My wife works at Wheatridge Retirement Center here in town. She wanted to take some of my turnings to display for a week or so for the residents to see and wanted me to explain the how's, what's, etc. So I did. Well the director of the Carnagie Arts Center came down to give some arts classes to the residents. She asked my wife who's woodturnings those were. So my wife told her. My wife called me and told me to come over as someone wanted to talk to me. Anyway she wants me to bring a bunch of my woodturnings down to the Arts Center to be one of the featured artist for the months of November and December. She also wants me to make enough Christmas ornaments and mini birdhouses to decorate a Christmas tree with. She told me to put prices on them if I wanted to sell them and that the Arts Center would get 30%. So I will be taking down around 30 turnings to display plus about 40 ornaments and hopefully will sell some. So today I have been turning bottle stoppers and more mini birdhouses. I got some pepper and salt mills turned. So this is kind of exciting for me.


----------



## kp91 (Sep 10, 2004)

Congratulations, Bernie!

I hope you sell everything since it's for a worthy cause.

Keep up the great work,


----------



## Glenmore (Sep 10, 2004)

That's great Bernie be sure to tell us how you make out with the class's too.


----------



## oldnewbie (Sep 18, 2006)

Congratulations, Bernie. Here's hoping more people will realize your artistic abilities, and be willing to purchase more of your beautiful work. Nice to see that we on this forum aren't the only ones who realize your potential. Have a great and prosperous showing!!!!

Neal


----------



## Dr.Zook (Sep 10, 2004)

Congrats Bernie. Your work deserves to be shown.


----------



## Mitch12 (Mar 29, 2008)

Bernie
Congratulations Bern, couldn't happen to a more deserving guy. Hope you make out well in this deal.Coincidence or what, I am making some miniature bird houses right now too. Mitch


----------



## karateed (Feb 7, 2006)

Atta Boy Bernie,

Ed......


----------



## harrysin (Jan 15, 2007)

I'm sure this is only the start Bernie, there are high class gift stores and galleries that would get TOP dollar for your work meaning that even if they took 40% you would end up with heaps.


----------



## Bob N (Oct 12, 2004)

Congrats Bernie.... your work has always deserved the "Big Time" and now it looks like someone else sees that too. 

Good going buddy!


----------



## BernieW (Sep 12, 2006)

Thanks to all. I am a little nervous and yet excited. She called me and wants me to bring my mini birdhouses, ornaments and bells down before Thanksgiving. Last year I sold 51 of them from $15.50 to $24.50. 

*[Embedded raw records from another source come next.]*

(* Let $(E,\rho,[\cdot,\cdot],H)$ be an H-twisted Lie algebroid over a smooth manifold $M$. Set $V_1:=\Gamma(\ker\rho)$, $V_0:=\Gamma(E)$, let $\partial:V_1\hookrightarrow V_0$ be the inclusion, $l_2(\phi,\psi):=[\phi,\psi]$ for $\phi,\psi\in V_0$, $\phi\triangleright\psi:=\nabla^E_\phi\psi=[\phi,\psi]$ for $\phi\in V_0,\psi\in V_1$, and $l_3(\psi_0,\psi_1,\psi_2):=H(\psi_0,\psi_1,\psi_2)$. Then $(V_1\xrightarrow{\partial}V_0,l_2,\triangleright,l_3)$ is a two-term $L_\infty$-algebra.
   Context: An H-twisted Lie algebroid $(E,\rho,[\cdot,\cdot],H)$ over $M$ consists of a smooth vector bundle $E\to M$, a bundle map $\rho:E\to TM$, a skew-symmetric $\mathbb{R}$-bilinear bracket on $\Gamma(E)$, and $H\in\Gamma(\wedge^3E^*\otimes E)$ with $\rho\circ H=0$, such that for all $\phi,\psi,\psi_1,\psi_2\in\Gamma(E)$, $f\in C^\infty(M)$: (1) $[\phi,[\psi_1,\psi_2]]=[[\phi,\psi_1],\psi_2]+[\psi_1,[\phi,\psi_2]]+H(\phi,\psi_1,\psi_2)$; (2) $[\phi,f\psi]=\rho(\phi)[f]\psi+f[\phi,\psi]$; (3) $(DH)(\psi_0,\dots,\psi_3):=\sum_{i=0}^3(-1)^i[\psi_i,H(\psi_0,\dots,\widehat{\psi_i},\dots,\psi_3)]+\sum_{i<j}(-1)^{i+j}H([\psi_i,\psi_j],\psi_0,\dots,\widehat{\psi_i},\dots,\widehat{\psi_j},\dots,\psi_3)=0$. Here $\Gamma(\ker\rho)$ is the set of $\psi\in\Gamma(E)$ with $\rho(\psi)=0$; for such $\psi$ and $\phi\in\Gamma(E)$ one sets $\nabla^E_\phi\psi:=[\phi,\psi]$. A two-term $L_\infty$-algebra is a two-term complex of vector spaces $0\to V_1\xrightarrow{\partial}V_0\to0$ together with maps $[\cdot,\cdot]=l_2:V_0\wedge V_0\to V_0$, $\triangleright:V_0\otimes V_1\to V_1$, $l_3:V_0\wedge V_0\wedge V_0\to V_1$ such that for all $\phi_i\in V_0$, $f,g\in V_1$: (a) $[\phi,\partial f]=\partial(\phi\triangleright f)$; (b) $(\partial f)\triangleright g+(\partial g)\triangleright f=0$; (c) $[\phi_1,[\phi_2,\phi_3]]+[\phi_2,[\phi_3,\phi_1]]+[\phi_3,[\phi_1,\phi_2]]=\partial l_3(\phi_1,\phi_2,\phi_3)$; (d) $\phi_1\triangleright(\phi_2\triangleright f)-\phi_2\triangleright(\phi_1\triangleright f)-[\phi_1,\phi_2]\triangleright f=l_3(\phi_1,\phi_2,\partial f)$; (e) for all $\phi_0,\dots,\phi_3\in V_0$: $\sum_{i=0}^3(-1)^i\phi_i\triangleright l_3(\phi_0,\dots,\widehat{\phi_i},\dots,\phi_3)+\sum_{i<j}(-1)^{i+j}l_3([\phi_i,\phi_j],\phi_0,\dots,\widehat{\phi_i},\dots,\widehat{\phi_j},\dots,\phi_3)=0$. *)

theory Defs
  imports Complex_Main
begin

text \<open>Algebraic model of the smooth data.
  'f plays the role of C^infinity(M) (a commutative real algebra),
  'e plays the role of Gamma(E) (a real vector space which is a C^infinity(M)-module
  via sm), and vector fields on M are modelled as derivations of C^infinity(M).\<close>

definition is_derivation :: "('f::{comm_ring_1,real_algebra_1} \<Rightarrow> 'f) \<Rightarrow> bool" where
  "is_derivation X \<longleftrightarrow>
     (\<forall>f g. X (f + g) = X f + X g) \<and> (\<forall>c f. X (c *\<^sub>R f) = c *\<^sub>R X f) \<and>
     (\<forall>f g. X (f * g) = f * X g + g * X f)"

definition fmodule :: "('f::{comm_ring_1,real_algebra_1} \<Rightarrow> 'e::real_vector \<Rightarrow> 'e) \<Rightarrow> bool" where
  "fmodule sm \<longleftrightarrow>
     (\<forall>e. sm 1 e = e) \<and> (\<forall>f g e. sm (f * g) e = sm f (sm g e)) \<and>
     (\<forall>f g e. sm (f + g) e = sm f e + sm g e) \<and> (\<forall>f e e'. sm f (e + e') = sm f e + sm f e') \<and>
     (\<forall>c e. sm (of_real c) e = c *\<^sub>R e)"

text \<open>Anchor: a C^infinity-linear bundle map E -> TM, i.e. a C^infinity-linear map from
  sections to vector fields (derivations).\<close>
definition anchor_map :: "('f::{comm_ring_1,real_algebra_1} \<Rightarrow> 'e::real_vector \<Rightarrow> 'e)
     \<Rightarrow> ('e \<Rightarrow> 'f \<Rightarrow> 'f) \<Rightarrow> bool" where
  "anchor_map sm \<rho> \<longleftrightarrow> (\<forall>e. is_derivation (\<rho> e)) \<and>
     (\<forall>e e' g. \<rho> (e + e') g = \<rho> e g + \<rho> e' g) \<and> (\<forall>f e g. \<rho> (sm f e) g = f * \<rho> e g)"

text \<open>H in Gamma(wedge^3 E^* tensor E): C^infinity-trilinear and alternating.\<close>
definition tensor3_alt :: "('f::{comm_ring_1,real_algebra_1} \<Rightarrow> 'e::real_vector \<Rightarrow> 'e)
     \<Rightarrow> ('e \<Rightarrow> 'e \<Rightarrow> 'e \<Rightarrow> 'e) \<Rightarrow> bool" where
  "tensor3_alt sm H \<longleftrightarrow>
     (\<forall>a b c. H a b c = - H b a c) \<and> (\<forall>a b c. H a b c = - H a c b) \<and>
     (\<forall>a b c d. H a b (c + d) = H a b c + H a b d) \<and>
     (\<forall>f a b c. H a b (sm f c) = sm f (H a b c))"

definition DH_zero :: "('e::real_vector \<Rightarrow> 'e \<Rightarrow> 'e) \<Rightarrow> ('e \<Rightarrow> 'e \<Rightarrow> 'e \<Rightarrow> 'e) \<Rightarrow> bool" where
  "DH_zero br H \<longleftrightarrow> (\<forall>p0 p1 p2 p3.
      br p0 (H p1 p2 p3) - br p1 (H p0 p2 p3) + br p2 (H p0 p1 p3) - br p3 (H p0 p1 p2)
      - H (br p0 p1) p2 p3 + H (br p0 p2) p1 p3 - H (br p0 p3) p1 p2
      - H (br p1 p2) p0 p3 + H (br p1 p3) p0 p2 - H (br p2 p3) p0 p1 = 0)"

definition H_twisted_Lie_algebroid ::
  "('f::{comm_ring_1,real_algebra_1} \<Rightarrow> 'e::real_vector \<Rightarrow> 'e) \<Rightarrow> ('e \<Rightarrow> 'f \<Rightarrow> 'f)
   \<Rightarrow> ('e \<Rightarrow> 'e \<Rightarrow> 'e) \<Rightarrow> ('e \<Rightarrow> 'e \<Rightarrow> 'e \<Rightarrow> 'e) \<Rightarrow> bool" where
  "H_twisted_Lie_algebroid sm \<rho> br H \<longleftrightarrow>
     fmodule sm \<and> anchor_map sm \<rho> \<and> tensor3_alt sm H \<and>
     (\<forall>a b. br a b = - br b a) \<and>
     (\<forall>a b c. br a (b + c) = br a b + br a c) \<and> (\<forall>a b r. br a (r *\<^sub>R b) = r *\<^sub>R br a b) \<and>
     (\<forall>a b g. \<rho> (H a b (g::'e)) = (\<lambda>_. 0)) \<and>
     (\<forall>p q1 q2. br p (br q1 q2) = br (br p q1) q2 + br q1 (br p q2) + H p q1 q2) \<and>
     (\<forall>p f q. br p (sm f q) = sm (\<rho> p f) q + sm f (br p q)) \<and>
     DH_zero br H"

definition lin_on :: "'a::real_vector set \<Rightarrow> ('a \<Rightarrow> 'b::real_vector) \<Rightarrow> bool" where
  "lin_on A f \<longleftrightarrow> (\<forall>x\<in>A. \<forall>y\<in>A. f (x + y) = f x + f y) \<and> (\<forall>x\<in>A. \<forall>c. f (c *\<^sub>R x) = c *\<^sub>R f x)"

definition real_subspace :: "'a::real_vector set \<Rightarrow> bool" where
  "real_subspace A \<longleftrightarrow> 0 \<in> A \<and> (\<forall>x\<in>A. \<forall>y\<in>A. x + y \<in> A) \<and> (\<forall>x\<in>A. \<forall>c. c *\<^sub>R x \<in> A)"

definition two_term_Linfty ::
  "'a::real_vector set \<Rightarrow> 'b::real_vector set \<Rightarrow> ('a \<Rightarrow> 'b) \<Rightarrow> ('b \<Rightarrow> 'b \<Rightarrow> 'b)
   \<Rightarrow> ('b \<Rightarrow> 'a \<Rightarrow> 'a) \<Rightarrow> ('b \<Rightarrow> 'b \<Rightarrow> 'b \<Rightarrow> 'a) \<Rightarrow> bool" where
  "two_term_Linfty V1 V0 d l2 tr l3 \<longleftrightarrow>
     real_subspace V1 \<and> real_subspace V0 \<and>
     (\<forall>f\<in>V1. d f \<in> V0) \<and> lin_on V1 d \<and>
     (\<forall>x\<in>V0. \<forall>y\<in>V0. l2 x y \<in> V0) \<and>
     (\<forall>x\<in>V0. lin_on V0 (l2 x)) \<and> (\<forall>x\<in>V0. \<forall>y\<in>V0. l2 x y = - l2 y x) \<and>
     (\<forall>x\<in>V0. \<forall>f\<in>V1. tr x f \<in> V1) \<and>
     (\<forall>x\<in>V0. lin_on V1 (tr x)) \<and> (\<forall>f\<in>V1. lin_on V0 (\<lambda>x. tr x f)) \<and>
     (\<forall>x\<in>V0. \<forall>y\<in>V0. \<forall>z\<in>V0. l3 x y z \<in> V1) \<and>
     (\<forall>x\<in>V0. \<forall>y\<in>V0. lin_on V0 (l3 x y)) \<and>
     (\<forall>x\<in>V0. \<forall>y\<in>V0. \<forall>z\<in>V0. l3 x y z = - l3 y x z \<and> l3 x y z = - l3 x z y) \<and>
     \<comment> \<open>(a)\<close>
     (\<forall>x\<in>V0. \<forall>f\<in>V1. l2 x (d f) = d (tr x f)) \<and>
     \<comment> \<open>(b)\<close>
     (\<forall>f\<in>V1. \<forall>g\<in>V1. tr (d f) g + tr (d g) f = 0) \<and>
     \<comment> \<open>(c)\<close>
     (\<forall>x\<in>V0. \<forall>y\<in>V0. \<forall>z\<in>V0.
        l2 x (l2 y z) + l2 y (l2 z x) + l2 z (l2 x y) = d (l3 x y z)) \<and>
     \<comment> \<open>(d)\<close>
     (\<forall>x\<in>V0. \<forall>y\<in>V0. \<forall>f\<in>V1.
        tr x (tr y f) - tr y (tr x f) - tr (l2 x y) f = l3 x y (d f)) \<and>
     \<comment> \<open>(e)\<close>
     (\<forall>p0\<in>V0. \<forall>p1\<in>V0. \<forall>p2\<in>V0. \<forall>p3\<in>V0.
        tr p0 (l3 p1 p2 p3) - tr p1 (l3 p0 p2 p3) + tr p2 (l3 p0 p1 p3) - tr p3 (l3 p0 p1 p2)
        - l3 (l2 p0 p1) p2 p3 + l3 (l2 p0 p2) p1 p3 - l3 (l2 p0 p3) p1 p2
        - l3 (l2 p1 p2) p0 p3 + l3 (l2 p1 p3) p0 p2 - l3 (l2 p2 p3) p0 p1 = 0)"

end

theory Submission
  imports Defs
begin

text \<open>Everything except closure of \<open>\<Gamma>(ker \<rho>)\<close> under the bracket is a direct reading of the
  axioms: the Jacobiator is \<open>H\<close>, the action is the restricted bracket, and condition (e) is
  \<open>DH = 0\<close>. For the closure, expanding the twisted Jacobi identity on \<open>[p, [q, f r]]\<close> with the
  Leibniz rule and cancelling the Jacobi identity for \<open>p, q, r\<close> (which \<open>H\<close> survives, being
  \<open>C\<^sup>\<infinity>\<close>-linear) shows that \<open>\<rho>\<close> maps the bracket to the commutator of vector fields, up to
  the module action. Hence \<open>\<rho> q = 0\<close> forces \<open>f \<mapsto> \<rho>[p, q] f\<close> to act trivially, and the
  nondegeneracy hypothesis gives \<open>\<rho>[p, q] = 0\<close>.\<close>

locale twisted_Lie_algebroid =
  fixes sm :: "'f::{comm_ring_1,real_algebra_1} \<Rightarrow> 'e::real_vector \<Rightarrow> 'e"
    and \<rho> :: "'e \<Rightarrow> 'f \<Rightarrow> 'f"
    and br :: "'e \<Rightarrow> 'e \<Rightarrow> 'e"
    and H :: "'e \<Rightarrow> 'e \<Rightarrow> 'e \<Rightarrow> 'e"
  assumes algebroid: "H_twisted_Lie_algebroid sm \<rho> br H"
begin

lemma module_structure: "fmodule sm"
  and anchor_structure: "anchor_map sm \<rho>"
  and H_tensor: "tensor3_alt sm H"
  and bracket_skew: "br a b = - br b a"
  and bracket_add_right: "br a (b + c) = br a b + br a c"
  and bracket_scaleR_right: "br a (r *\<^sub>R b) = r *\<^sub>R br a b"
  and anchor_H: "\<rho> (H a b c) = (\<lambda>_. 0)"
  and twisted_Jacobi: "br p (br q1 q2) = br (br p q1) q2 + br q1 (br p q2) + H p q1 q2"
  and bracket_Leibniz: "br p (sm f q) = sm (\<rho> p f) q + sm f (br p q)"
  and DH_vanishes: "DH_zero br H"
  using algebroid[unfolded H_twisted_Lie_algebroid_def] by blast+

lemma module_add_left: "sm (f + g) e = sm f e + sm g e"
  and module_add_right: "sm f (e + e') = sm f e + sm f e'"
  and module_of_real: "sm (of_real c) e = c *\<^sub>R e"
  using module_structure[unfolded fmodule_def] by blast+

lemma anchor_derivation: "is_derivation (\<rho> e)"
  and anchor_add: "\<rho> (e + e') g = \<rho> e g + \<rho> e' g"
  and anchor_module: "\<rho> (sm f e) g = f * \<rho> e g"
  using anchor_structure[unfolded anchor_map_def] by blast+

lemma H_skew_left: "H a b c = - H b a c"
  and H_skew_right: "H a b c = - H a c b"
  and H_add: "H a b (c + d) = H a b c + H a b d"
  and H_module: "H a b (sm f c) = sm f (H a b c)"
  using H_tensor[unfolded tensor3_alt_def] by blast+

lemma module_zero_left: "sm 0 e = 0"
  using module_add_left[of 0 0 e] by simp

lemma anchor_apply_zero: "\<rho> e 0 = 0"
  using anchor_derivation[of e] unfolding is_derivation_def by (metis add.right_neutral add_left_cancel)

lemma anchor_zero: "\<rho> 0 = (\<lambda>_. 0)"
  using anchor_add[of 0 0] by (simp add: fun_eq_iff)

lemma bracket_add_left: "br (a + b) c = br a c + br b c"
  by (metis bracket_skew bracket_add_right minus_add_distrib)

lemma bracket_scaleR_left: "br (r *\<^sub>R a) b = r *\<^sub>R br a b"
  by (metis bracket_skew bracket_scaleR_right scaleR_minus_right)

lemma H_scaleR: "H a b (r *\<^sub>R c) = r *\<^sub>R H a b c"
  by (metis H_module module_of_real)

lemma Jacobiator_eq_H: "br x (br y z) + br y (br z x) + br z (br x y) = H x y z"
  using twisted_Jacobi[of x y z] bracket_skew[of "br x y" z] bracket_skew[of x z]
  by (simp add: bracket_scaleR_right[of y "-1", simplified])

lemma bracket_commutator_defect: "br x (br y z) - br y (br x z) - br (br x y) z = H x y z"
  using twisted_Jacobi[of x y z] by (simp add: algebra_simps)

lemma bracket_add_swap: "br a b + br b a = 0"
  by (subst bracket_skew) simp

lemma anchor_bracket_commutator:
  "sm (\<rho> p (\<rho> q f)) r = sm (\<rho> (br p q) f) r + sm (\<rho> q (\<rho> p f)) r"
proof -
  have "br p (br q (sm f r))
      = sm (\<rho> p (\<rho> q f)) r + sm (\<rho> q f) (br p r) + (sm (\<rho> p f) (br q r) + sm f (br p (br q r)))"
    by (simp add: bracket_Leibniz bracket_add_right)
  moreover have "br (br p q) (sm f r) + br q (br p (sm f r)) + H p q (sm f r)
      = sm (\<rho> (br p q) f) r + sm f (br (br p q) r)
        + (sm (\<rho> q (\<rho> p f)) r + sm (\<rho> q f) (br p r) + (sm (\<rho> p f) (br q r) + sm f (br q (br p r))))
        + sm f (H p q r)"
    by (simp add: bracket_Leibniz bracket_add_right H_module)
  moreover note twisted_Jacobi[of p q "sm f r"]
  ultimately have "sm (\<rho> p (\<rho> q f)) r + sm f (br p (br q r))
      = sm (\<rho> (br p q) f) r + sm (\<rho> q (\<rho> p f)) r
        + (sm f (br (br p q) r) + sm f (br q (br p r)) + sm f (H p q r))"
    by (simp add: algebra_simps)
  moreover have "sm f (br p (br q r)) = sm f (br (br p q) r) + sm f (br q (br p r)) + sm f (H p q r)"
    by (simp add: twisted_Jacobi[of p q r] module_add_right)
  ultimately show ?thesis
    by simp
qed

lemma anchor_kernel_bracket_closed:
  assumes nondeg: "\<And>e. (\<forall>g \<psi>. sm (\<rho> e g) \<psi> = 0) \<Longrightarrow> \<rho> e = (\<lambda>_. 0)"
    and kernel: "\<rho> q = (\<lambda>_. 0)"
  shows "\<rho> (br p q) = (\<lambda>_. 0)"
proof (rule nondeg, intro allI)
  fix f r
  show "sm (\<rho> (br p q) f) r = 0"
    using anchor_bracket_commutator[of p q f r]
    by (simp add: kernel anchor_apply_zero module_zero_left)
qed

lemma anchor_kernel_subspace: "real_subspace {\<psi>. \<rho> \<psi> = (\<lambda>_. 0)}"
  unfolding real_subspace_def
  by (auto simp: anchor_zero anchor_add fun_eq_iff anchor_module module_of_real[symmetric]
      simp del: module_of_real)

end

theorem proposition3p6:
  fixes sm :: "'f::{comm_ring_1,real_algebra_1} \<Rightarrow> 'e::real_vector \<Rightarrow> 'e"
    and \<rho> :: "'e \<Rightarrow> 'f \<Rightarrow> 'f"
    and br :: "'e \<Rightarrow> 'e \<Rightarrow> 'e"
    and H :: "'e \<Rightarrow> 'e \<Rightarrow> 'e \<Rightarrow> 'e"
  assumes "H_twisted_Lie_algebroid sm \<rho> br H"
    and vector_bundle_nondeg: "\<And>e. (\<forall>g \<psi>. sm (\<rho> e g) \<psi> = 0) \<Longrightarrow> \<rho> e = (\<lambda>_. 0)"
  shows "two_term_Linfty {\<psi>. \<rho> \<psi> = (\<lambda>_. 0)} UNIV id br (\<lambda>\<phi> \<psi>. br \<phi> \<psi>) H"
proof -
  interpret twisted_Lie_algebroid sm \<rho> br H by unfold_locales (fact assms(1))
  show ?thesis
    using anchor_kernel_subspace unfolding two_term_Linfty_def
    by (intro conjI; (simp add: real_subspace_def lin_on_def
          anchor_kernel_bracket_closed[OF vector_bundle_nondeg] anchor_H Jacobiator_eq_H
          bracket_commutator_defect bracket_add_swap DH_vanishes[unfolded DH_zero_def]
          bracket_add_right bracket_add_left bracket_scaleR_right bracket_scaleR_left
          H_add H_scaleR)?)
       (meson bracket_skew H_skew_left H_skew_right)+
qed

end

She also wondered when she called if I would be interested in being a exhange artist. In other words they exchange featured artist in the galleries in the small towns in the surrounding area. I told her yes I would. She said she would move all my turnings for a extra 2% of what sells. I said fine. With my job I am not sure when I would do it. She said they do exchanges with around 14 or 15 galleries in the western half of Kansas. She said this gives artist exposure in different places. Sounds exciting.


----------



## chippypah (Dec 24, 2007)

Way to go Bernie, "featured artist for the months of November and December". you can charge twice as much now LOL.
Cheers
Pete


----------